Streamlining my thought, I went through the tweets and posts in Twitter and LinkedIn respectively and found many useful and useless messages. Useful messages had expression of likes/dislikes, feedback about the company/product and useful links that we often miss. I figured out that if we can somehow collect these tweets somewhere and do the skimming off the useless scraps, the end product could be of high value. In short a big data analytics.
As this solution was totally based on the tweets/ posts that an individual’s network connection will post, the application was named as “NetMe”.
Step 1: Connecting the dots  
Over past days I gained experience on Azure Mobile Service, Node.JS. Now I have a solution to be created which needs social feeds and that has to be analyzed for refine reports. So it was time to connect the dots.
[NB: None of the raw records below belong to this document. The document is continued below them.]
lemma infdist_sites_sq_diff_le_cell_average:
  assumes "q \<in> Q"
  shows "infdist q (sites X) ^ 2 - infdist q (sites P) ^ 2
    \<le> (\<Sum>i\<in>UNIV. if q \<in> voronoi_cell Q P i
          then (norm (q - X $ i) ^ 2 - norm (q - P $ i) ^ 2) / card {l. q \<in> voronoi_cell Q P l}
          else 0)"
proof -
  define I where "I = {i. q \<in> voronoi_cell Q P i}"
  obtain i0 where "infdist q (sites P) = norm (q - P $ i0)"
    using infdist_sites_attained by blast
  then have "I \<noteq> {}" unfolding I_def voronoi_cell_iff using assms by auto
  have "infdist q (sites X) ^ 2 - infdist q (sites P) ^ 2 \<le> norm (q - X $ i) ^ 2 - norm (q - P $ i) ^ 2"
    if "i \<in> I" for i
  proof -
    have "infdist q (sites P) = norm (q - P $ i)"
      using that unfolding I_def voronoi_cell_iff by simp
    moreover have "infdist q (sites X) ^ 2 \<le> norm (q - X $ i) ^ 2"
      using infdist_sites_le infdist_nonneg by (intro power_mono)
    ultimately show ?thesis by simp
  qed
  then have "card I * (infdist q (sites X) ^ 2 - infdist q (sites P) ^ 2)
      \<le> (\<Sum>i\<in>I. norm (q - X $ i) ^ 2 - norm (q - P $ i) ^ 2)"
    using sum_mono[of I "\<lambda>_. infdist q (sites X) ^ 2 - infdist q (sites P) ^ 2"] by simp
  then have "infdist q (sites X) ^ 2 - infdist q (sites P) ^ 2
      \<le> (\<Sum>i\<in>I. norm (q - X $ i) ^ 2 - norm (q - P $ i) ^ 2) / card I"
    using \<open>I \<noteq> {}\<close> by (simp add: card_gt_0_iff pos_le_divide_eq mult.commute)
  also have "\<dots> = (\<Sum>i\<in>UNIV. if q \<in> voronoi_cell Q P i
          then (norm (q - X $ i) ^ 2 - norm (q - P $ i) ^ 2) / card {l. q \<in> voronoi_cell Q P l}
          else 0)"
    unfolding I_def by (simp add: sum.If_cases sum_divide_distrib)
  finally show ?thesis .
qed

section \<open>Weighted integrals and centroids\<close>

lemma absolutely_integrable_scaleR_continuous:
  fixes f :: "'a::euclidean_space \<Rightarrow> real" and g :: "'a \<Rightarrow> 'b::euclidean_space"
  assumes f: "f absolutely_integrable_on S" and S: "compact S" and g: "continuous_on S g"
  shows "(\<lambda>x. f x *\<^sub>R g x) absolutely_integrable_on S"
proof -
  have S_lebesgue: "S \<in> sets lebesgue" using S by (simp add: borel_compact)
  have "bilinear (\<lambda>(y::'b) (c::real). c *\<^sub>R y)"
    using bounded_bilinear.flip[OF bounded_bilinear_scaleR] by (simp add: bilinear_conv_bounded_bilinear)
  then show ?thesis
  proof (rule absolutely_integrable_bounded_measurable_product[OF _ _ S_lebesgue _ f])
    show "g \<in> borel_measurable (lebesgue_on S)"
      by (rule continuous_imp_measurable_on_sets_lebesgue[OF g S_lebesgue])
    show "bounded (g ` S)"
      by (rule compact_imp_bounded[OF compact_continuous_image[OF g S]])
  qed
qed

lemma integral_pos_not_negligible:
  fixes f :: "'a::euclidean_space \<Rightarrow> real"
  assumes f: "f integrable_on S" and pos: "\<And>x. x \<in> S \<Longrightarrow> 0 < f x"
    and S: "S \<in> sets lebesgue" "\<not> negligible S"
  shows "0 < integral S f"
proof -
  have int: "integrable (lebesgue_on S) f"
    using nonnegative_absolutely_integrable_1[OF f] pos
    by (intro absolutely_integrable_imp_integrable S(1)) (auto intro: less_imp_le)
  have "integral S f \<noteq> 0"
  proof
    assume "integral S f = 0"
    then have "integral\<^sup>L (lebesgue_on S) f = 0"
      using lebesgue_integral_eq_integral[OF int S(1)] by simp
    moreover have "AE x in lebesgue_on S. 0 \<le> f x"
      using pos S(1) by (intro AE_I2) (auto simp: space_restrict_space less_imp_le)
    ultimately have "AE x in lebesgue_on S. f x = 0"
      using integral_nonneg_eq_0_iff_AE[OF int] by simp
    moreover have "AE x in lebesgue_on S. f x \<noteq> 0"
      using pos S(1) by (intro AE_I2) (force simp: space_restrict_space)
    ultimately have "AE x in lebesgue_on S. False"
      by eventually_elim simp
    then have "emeasure (lebesgue_on S) S = 0"
      using ae_filter_eq_bot_iff[of "lebesgue_on S"] S(1)
      by (simp add: trivial_limit_def space_restrict_space)
    then have "S \<in> null_sets lebesgue"
      using S(1) by (simp add: emeasure_restrict_space null_sets_def)
    then show False using S(2) negligible_iff_null_sets by blast
  qed
  moreover have "0 \<le> integral S f"
    using integral_nonneg[OF f] pos less_imp_le by metis
  ultimately show ?thesis by simp
qed
context
  fixes SX :: "'x measure" and SY :: "'y measure"
    and \<sigma>X :: "nat \<Rightarrow> (nat \<Rightarrow> 'x \<times> 'y) \<Rightarrow> 'x measure"
    and \<sigma>Y :: "nat \<Rightarrow> (nat \<Rightarrow> 'x \<times> 'y) \<Rightarrow> 'y measure"
  assumes \<sigma>X: "behavioral_strategy SX SY SX \<sigma>X" and \<sigma>Y: "behavioral_strategy SX SY SY \<sigma>Y"
begin

lemma measurable_round_kernel:
  "(\<lambda>h. \<sigma>X t h \<Otimes>\<^sub>M \<sigma>Y t h) \<in> hist_space SX SY t \<rightarrow>\<^sub>M prob_algebra (SX \<Otimes>\<^sub>M SY)"
  using \<sigma>X \<sigma>Y unfolding behavioral_strategy_def by (intro measurable_pair_prob) auto

lemma measurable_hist_kernel:
  "(\<lambda>h. distr (\<sigma>X t h \<Otimes>\<^sub>M \<sigma>Y t h) (hist_space SX SY (Suc t)) (\<lambda>a. h(t := a)))
     \<in> hist_space SX SY t \<rightarrow>\<^sub>M prob_algebra (hist_space SX SY (Suc t))"
  using measurable_round_kernel measurable_hist_append by (rule measurable_distr_prob_space2)

lemma sets_round_kernel:
  assumes "h \<in> space (hist_space SX SY t)"
  shows "sets (\<sigma>X t h \<Otimes>\<^sub>M \<sigma>Y t h) = sets (SX \<Otimes>\<^sub>M SY)"
  using behavioral_strategy_in_prob_algebra[OF \<sigma>X assms] behavioral_strategy_in_prob_algebra[OF \<sigma>Y assms]
  by (intro sets_pair_measure_cong) (auto simp: space_prob_algebra)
In this data collection, I was first in need of a constant background process which will help me to fetch the tweets and the posts. I figured out there was a Scheduler feature provided in Azure Mobile Services (AMS), which schedules a job with minimum 15 minutes interval. The fact that AMS Scheduler was supported with Node.JS scripts eased my work. I could now write the logic of collecting the tweets from Twitter and Linkedin and store it. For storage I thought of Azure Table Storage service. Few days ago AMS provided the support to Azure Storage and many others. So now an end to end solution of data collection could be created using AMS, Node.JS and Azure Table storage.
Step 2: Eat…. Drink…. Code
The next step was to write the logic of the above idea. Following is the Node.JS script to capture Azure based tweets and store them in Azure Table Storage
function netme(){
var request = require('request');
var azure = require('azure');
function filter(options, callback){
  var params = {
  }
  if (typeof options['oauth'] !== 'undefined'){
    params.oauth = options.oauth;
    delete options.oauth;
  }
  else if (typeof options['basic'] !== 'undefined') {
    params.uri = params.uri.replace(/^https?:\/\//,
       'https://' + options.basic.username + ':' + options.basic.password + '@'
    );
    delete options.basic;
  }
  params.form = options; 
var req = request.post(params, function(err, response, body){
    if (err) console.error("Caught in node");
  });
  // The callback for request.post is called when the response returns so you
  // have to save the post object and add a callback for the data event.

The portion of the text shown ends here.